D itengah hiruk pikuknya dunia yang di dominasi oleh isme – isme ( paham / ideologi ) materialistik, individualistik, hedonisme, sekuleristik, liberalisme, dan beragam sekutunya, rasanya kita sulit menjumpai praktek itsar ( mengutamakan kepentingan orang lain dari pada kepentingan dirinya sendiri ) di tengah tengah masyarakat.
Satu masyarakat tidak akan jadi baik jika di dalam masyarakat tersebut tidak ada sifat itsar, bahkan di kalangan kaum muslimin, terlebih lagi pada para pegiat amal islaminya masih sulit untuk bersikap itsar meskipun terkadang tuntutan itsar sudah ada di depan mata. Wal’iyadzu billah.

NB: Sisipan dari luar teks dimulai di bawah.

lemma bitsum_mult: "bitsum (a * b) \<le> bitsum a * bitsum b"
proof (induction a rule: nat_bit_induct)
  case (odd a)
  have "bitsum (Suc (2 * a) * b) = bitsum (2 * (a * b) + b)"
    by (simp add: algebra_simps)
  also have "\<dots> \<le> bitsum (a * b) + bitsum b"
    using bitsum_add[of "2 * (a * b)" b] by simp
  finally show ?case
    using odd.IH by simp
qed (simp_all add: mult.assoc)

lemma bitsum_pred: "0 < x \<Longrightarrow> bitsum (x - 1) + 1 = bitsum x + multiplicity 2 x"
  using bitsum_Suc[of "x - 1"] by simp

lemma bitsum_multiplicity_2_le: "0 < n \<Longrightarrow> 8 * (bitsum n + multiplicity 2 n) \<le> n + 24"
proof (induction n rule: less_induct)
  case (less n)
  show ?case
  proof (cases "n < 16")
    case True
    then have "n = 1 \<or> n = 2 \<or> n = 3 \<or> n = 4 \<or> n = 5 \<or> n = 6 \<or> n = 7 \<or> n = 8 \<or> n = 9
        \<or> n = 10 \<or> n = 11 \<or> n = 12 \<or> n = 13 \<or> n = 14 \<or> n = 15"
      using less.prems by presburger
    then show ?thesis
      by (elim disjE) (simp_all add: bitsum.simps multiplicity_2_nat_eval)
  next
    case False
    obtain k where k: "n = 2 * k \<or> n = Suc (2 * k)"
      by (metis oddE evenE Suc_eq_plus1)
    with False have "8 \<le> k" "k < n"
      by auto
    with less.IH[of k] k show ?thesis
      by (auto simp: multiplicity_times_same)
  qed
qed

definition part_slack :: "nat \<Rightarrow> nat" where
  "part_slack i = (if i = 1 \<or> i = 3 then 0 else i - 2 * multiplicity 2 (i + 1))"

lemma part_slack_estimates:
  fixes i :: nat
  defines "E \<equiv> if i = 7 then 4 else 0"
  assumes "2 \<le> i" "i \<noteq> 3"
  shows "0 < part_slack i" (is ?A)
    and "2 * bitsum (i + 1) \<le> part_slack i + 2" (is ?B)
    and "2 * bitsum (i - 1) \<le> part_slack i + E" (is ?C)
    and "2 * bitsum (i + 1) + 2 * multiplicity 2 (i + 1) \<le> 2 * part_slack i + 2 + E" (is ?D)
proof -
  have "?A \<and> ?B \<and> ?C \<and> ?D"
  proof (cases "i < 24")
    case True
    then have "i = 2 \<or> i = 4 \<or> i = 5 \<or> i = 6 \<or> i = 7 \<or> i = 8 \<or> i = 9 \<or> i = 10 \<or> i = 11
        \<or> i = 12 \<or> i = 13 \<or> i = 14 \<or> i = 15 \<or> i = 16 \<or> i = 17 \<or> i = 18 \<or> i = 19 \<or> i = 20
        \<or> i = 21 \<or> i = 22 \<or> i = 23"
      using assms(2,3) by presburger
    then show ?thesis
      unfolding E_def part_slack_def
      by (elim disjE) (simp_all add: bitsum.simps multiplicity_2_nat_eval)
  next
    case False
    have s1: "8 * bitsum (i + 1) + 8 * multiplicity 2 (i + 1) \<le> i + 25"
      using bitsum_multiplicity_2_le[of "i + 1"] by simp
    have s0: "8 * bitsum (i - 1) \<le> i + 23"
      using bitsum_multiplicity_2_le[of "i - 1"] False by simp
    have slack: "part_slack i + 2 * multiplicity 2 (i + 1) = i"
      using s1 False by (simp add: part_slack_def)
    have "E = 0"
      using False by (simp add: E_def)
    show ?thesis
    proof (intro conjI)
      show ?A ?B
        using s1 slack False by linarith+
      show ?C ?D
        using s1 s0 slack False \<open>E = 0\<close> by linarith+
    qed
  qed
  then show ?A ?B ?C ?D
    by blast+
qed

lemma bitsum_mult_part_le:
  assumes "1 \<le> i"
  shows "2 * bitsum (k * (i + 1)) \<le> k * part_slack i + 2 * bitsum k"
proof (cases "i = 1 \<or> i = 3")
  case True
  then have "k * (i + 1) = 2 ^ (if i = 1 then 1 else 2) * k"
    by auto
  then have "bitsum (k * (i + 1)) = bitsum k"
    by (simp only: bitsum_pow2_mult)
  then show ?thesis
    using True by (simp add: part_slack_def)
next
  case False
  with assms have i: "2 \<le> i" "i \<noteq> 3"
    by auto
  have "2 * bitsum (k * (i + 1)) \<le> bitsum k * (2 * bitsum (i + 1))"
    using bitsum_mult[of k "i + 1"] by simp
  also have "\<dots> \<le> bitsum k * (part_slack i + 2)"
    using part_slack_estimates(2)[OF i] by (rule mult_le_mono2)
  also have "\<dots> \<le> k * part_slack i + 2 * bitsum k"
    using mult_le_mono1[OF bitsum_le[of k], of "part_slack i"] by (simp add: algebra_simps)
  finally show ?thesis .
qed

lemma add_le_pow2_mult: "0 < g \<Longrightarrow> b + g \<le> 2 ^ b * (g::nat)"
proof (induction b)
  case (Suc b)
  have "1 \<le> 2 ^ b * g"
    using Suc.prems by simp
  moreover have "2 ^ Suc b * g = 2 * (2 ^ b * g)"
    by simp
  ultimately show ?case
    using Suc.IH Suc.prems by linarith
qed simp

lemma bitsum_pow2_mult_part_minus_2_le:
  fixes i :: nat
  defines "E \<equiv> if i = 7 then 4 else 0"
  assumes i: "2 \<le> i" "i \<noteq> 3"
  shows "2 * bitsum (2 ^ a * (i + 1) - 2) \<le> 2 ^ a * part_slack i + E"
proof (cases a)
  case 0
  then show ?thesis
    using part_slack_estimates(3)[OF i] by (simp add: E_def)
next
  case (Suc b)
  define x where "x = 2 ^ b * (i + 1)"
  have "0 < x"
    by (simp add: x_def)
  have "2 ^ a * (i + 1) - 2 = 2 * (x - 1)"
    by (simp add: Suc x_def diff_mult_distrib2)
  then have "bitsum (2 ^ a * (i + 1) - 2) + 1 = bitsum x + multiplicity 2 x"
    using bitsum_pred[OF \<open>0 < x\<close>] by simp
  also have "\<dots> = bitsum (i + 1) + b + multiplicity 2 (i + 1)"
  proof -
    have "multiplicity 2 x = b + multiplicity 2 (i + 1)"
      unfolding x_def by (rule multiplicity_2_pow2_mult) simp
    moreover have "bitsum x = bitsum (i + 1)"
      unfolding x_def by (rule bitsum_pow2_mult)
    ultimately show ?thesis
      by simp
  qed
  finally have "bitsum (2 ^ a * (i + 1) - 2) + 1 = bitsum (i + 1) + b + multiplicity 2 (i + 1)" .
  moreover have "b + part_slack i \<le> 2 ^ b * part_slack i"
    using part_slack_estimates(1)[OF i] by (rule add_le_pow2_mult)
  moreover have "2 ^ a * part_slack i = 2 * (2 ^ b * part_slack i)"
    using Suc by simp
  ultimately show ?thesis
    using part_slack_estimates(4)[OF i] unfolding E_def by linarith
qed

Ibarat satu penyakit, kelangkaan akan sifat itsar telah menjadi satu wabah yang mendekati kronis. Tanpa pandang bulu, penyakit ini menyebar di seluruh lapisan masyarakat. Tak terkecuali mereka yang seharusnya mewarisi satu “ gen kemulyaan “ orang – orang mulia yang hidup di satu qurun yang mulia. Padahal seharusnya kaum muslimin mewarisi gen ini dari para pendahulunya, walau bagaimanapun keadaannya, dominan maupun resesif. Akan tetapi karena pekatnya kabut jahiliyah modern sehingga menyebabkan semakin kaburnya akan kebatilan dan kebenaran, dan kemulyaan dan kehinaan. Nilai nilai syar’I di hujat, sebaliknya produk produk nafsu dan akal di bela manusia habis habisan. Sehingga berakibat hati menjadi terpuruk lemah dalam kesendirian dan keterasigan di tengah tengah keramaian jahiliyah modern. Inilah fakta di lapangan yang banyak terjadi hari ini. Akankah hati kita, kita biarkan mati secara perlahan – lahan karena sikap keegoisan kita dan ketidak pedulian kita? Padahal Rosulullah Muhammad Saw telah mengingatkan:
Barangsiapa yang tidak peduli / perhatian dengan urusan kaum muslimin, maka ia tidak termasuk golongan mereka. “ ( HR. Ath Thabarani )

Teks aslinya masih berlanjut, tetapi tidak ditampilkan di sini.